(* In the setting of the context, suppose $G_{xy}^{[1]}=1$ and $G_x\cong\mathrm{Frob}(20)\times C_4$. Then $G_e\cong C_4\wr C_2$.
   Context: $\mathcal{A}=(G_x,G_e,G_{xy})$ is a finite, primitive amalgam of degree $(5,2)$ (no nontrivial subgroup of $G_{xy}$ normal in both $G_x$ and $G_e$; $|G_x:G_{xy}|=5$, $|G_e:G_{xy}|=2$), $G=G_x*_{G_{xy}}G_e$ acts on the coset graph (5-valent tree) $\Gamma$, $x$ is the vertex with stabiliser $G_x$, $y$ the neighbour with $G_e$ the setwise stabiliser of $\{x,y\}$ and $G_x\cap G_y=G_{xy}$. $G_z^{[1]}$ is the pointwise stabiliser of $z$ and its neighbours, $G_{xy}^{[1]}=G_x^{[1]}\cap G_y^{[1]}$. $\mathrm{Frob}(20)$ is the Frobenius group of order 20. *)

theory Defs
  imports "HOL-Algebra.Algebra"
begin

abbreviation C4 :: "int monoid" where
  "C4 \<equiv> integer_mod_group 4"

text \<open>The Frobenius group of order 20, realised as the affine group AGL(1,5):
  the pair (a,b) with a in {1..4}, b in {0..4} stands for the map z \<mapsto> a z + b
  over the field with 5 elements; the product is composition.\<close>
definition Frob20 :: "(int \<times> int) monoid" where
  "Frob20 = \<lparr> carrier = {(a, b). a \<in> {1..4} \<and> b \<in> {0..4}},
              monoid.mult = (\<lambda>(a, b) (c, d). ((a * c) mod 5, (a * d + b) mod 5)),
              one = (1, 0) \<rparr>"

text \<open>The wreath product C4 wr C2 = (C4 \<times> C4) \<rtimes> C2, where the generator of C2
  swaps the two coordinates: ((f,s)(g,t) = (f + s.g, s + t)).\<close>
definition C4_wr_C2 :: "((int \<times> int) \<times> int) monoid" where
  "C4_wr_C2 = \<lparr> carrier = {((a, b), s). a \<in> {0..3} \<and> b \<in> {0..3} \<and> s \<in> {0..1}},
     monoid.mult = (\<lambda>((a, b), s) ((c, d), t).
               ((if s = 0 then ((a + c) mod 4, (b + d) mod 4)
                          else ((a + d) mod 4, (b + c) mod 4)), (s + t) mod 2)),
     one = ((0, 0), 0) \<rparr>"

text \<open>For H = G_xy and K = G_x this is G_x^{[1]}, the kernel of the
  action of G_x on the neighbours of x (which correspond to the cosets of G_xy in G_x).\<close>
definition core_in :: "('a, 'b) monoid_scheme \<Rightarrow> 'a set \<Rightarrow> 'a set \<Rightarrow> 'a set" where
  "core_in U K H = (\<Inter>g\<in>K. (g <#\<^bsub>U\<^esub> H) #>\<^bsub>U\<^esub> inv\<^bsub>U\<^esub> g)"

end

theory Submission
  imports Defs
begin

(* Transport the problem along the isomorphism G_x \<cong> Frob(20) x C4. There G_xy becomes a subgroup
   of order 16; its image in Frob(20) is a 2-group, hence meets the translations (of order 5)
   trivially. So G_xy is abelian, and its core in G_x is the central factor C4 = <a>.
   As |G_e : G_xy| = 2, any t in G_e - G_xy normalises G_xy and squares into it. For b = t a t^-1
   the hypothesis G_xy^[1] = 1 says <a> and <b> meet trivially, so G_xy = <a> x <b>, and
   conjugation by t swaps a and b. Hence t^2 = a^i b^i for some i, s = t a^-i is an involution
   swapping a and b, and ((i, j), k) |-> a^i b^j s^k is an isomorphism from C4 wr C2 onto G_e. *)

section \<open>The Frobenius group of order 20\<close>

lemma Frob20_carrier: "carrier Frob20 = {1..4} \<times> {0..4}"
  by (auto simp: Frob20_def)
============================================================
[What you will do]: Once more, write out all the data above exactly as given.

[Completed task]:
(* In the setting of the context, suppose $G_{xy}^{[1]}=1$ and $G_x\cong\mathrm{Frob}(20)\times C_4$. Then $G_e\cong C_4\wr C_2$.
   Context: $\mathcal{A}=(G_x,G_e,G_{xy})$ is a finite, primitive amalgam of degree $(5,2)$ (no nontrivial subgroup of $G_{xy}$ normal in both $G_x$ and $G_e$; $|G_x:G_{xy}|=5$, $|G_e:G_{xy}|=2$), $G=G_x*_{G_{xy}}G_e$ acts on the coset graph (5-valent tree) $\Gamma$, $x$ is the vertex with stabiliser $G_x$, $y$ the neighbour with $G_e$ the setwise stabiliser of $\{x,y\}$ and $G_x\cap G_y=G_{xy}$. $G_z^{[1]}$ is the pointwise stabiliser of $z$ and its neighbours, $G_{xy}^{[1]}=G_x^{[1]}\cap G_y^{[1]}$. $\mathrm{Frob}(20)$ is the Frobenius group of order 20. *)

theory Defs
  imports "HOL-Algebra.Algebra"
begin

abbreviation C4 :: "int monoid" where
  "C4 \<equiv> integer_mod_group 4"

text \<open>The Frobenius group of order 20, realised as the affine group AGL(1,5):
  the pair (a,b) with a in {1..4}, b in {0..4} stands for the map z \<mapsto> a z + b
  over the field with 5 elements; the product is composition.\<close>
definition Frob20 :: "(int \<times> int) monoid" where
  "Frob20 = \<lparr> carrier = {(a, b). a \<in> {1..4} \<and> b \<in> {0..4}},
              monoid.mult = (\<lambda>(a, b) (c, d). ((a * c) mod 5, (a * d + b) mod 5)),
              one = (1, 0) \<rparr>"

text \<open>The wreath product C4 wr C2 = (C4 \<times> C4) \<rtimes> C2, where the generator of C2
  swaps the two coordinates: ((f,s)(g,t) = (f + s.g, s + t)).\<close>
definition C4_wr_C2 :: "((int \<times> int) \<times> int) monoid" where
  "C4_wr_C2 = \<lparr> carrier = {((a, b), s). a \<in> {0..3} \<and> b \<in> {0..3} \<and> s \<in> {0..1}},
     monoid.mult = (\<lambda>((a, b), s) ((c, d), t).
               ((if s = 0 then ((a + c) mod 4, (b + d) mod 4)
                          else ((a + d) mod 4, (b + c) mod 4)), (s + t) mod 2)),
     one = ((0, 0), 0) \<rparr>"

text \<open>For H = G_xy and K = G_x this is G_x^{[1]}, the kernel of the
  action of G_x on the neighbours of x (which correspond to the cosets of G_xy in G_x).\<close>
definition core_in :: "('a, 'b) monoid_scheme \<Rightarrow> 'a set \<Rightarrow> 'a set \<Rightarrow> 'a set" where
  "core_in U K H = (\<Inter>g\<in>K. (g <#\<^bsub>U\<^esub> H) #>\<^bsub>U\<^esub> inv\<^bsub>U\<^esub> g)"

end

theory Submission
  imports Defs
begin

(* Transport the problem along the isomorphism G_x \<cong> Frob(20) x C4. There G_xy becomes a subgroup
   of order 16; its image in Frob(20) is a 2-group, hence meets the translations (of order 5)
   trivially. So G_xy is abelian, and its core in G_x is the central factor C4 = <a>.
   As |G_e : G_xy| = 2, any t in G_e - G_xy normalises G_xy and squares into it. For b = t a t^-1
   the hypothesis G_xy^[1] = 1 says <a> and <b> meet trivially, so G_xy = <a> x <b>, and
   conjugation by t swaps a and b. Hence t^2 = a^i b^i for some i, s = t a^-i is an involution
   swapping a and b, and ((i, j), k) |-> a^i b^j s^k is an isomorphism from C4 wr C2 onto G_e. *)

section \<open>The Frobenius group of order 20\<close>

lemma Frob20_carrier: "carrier Frob20 = {1..4} \<times> {0..4}"
  by (auto simp: Frob20_def)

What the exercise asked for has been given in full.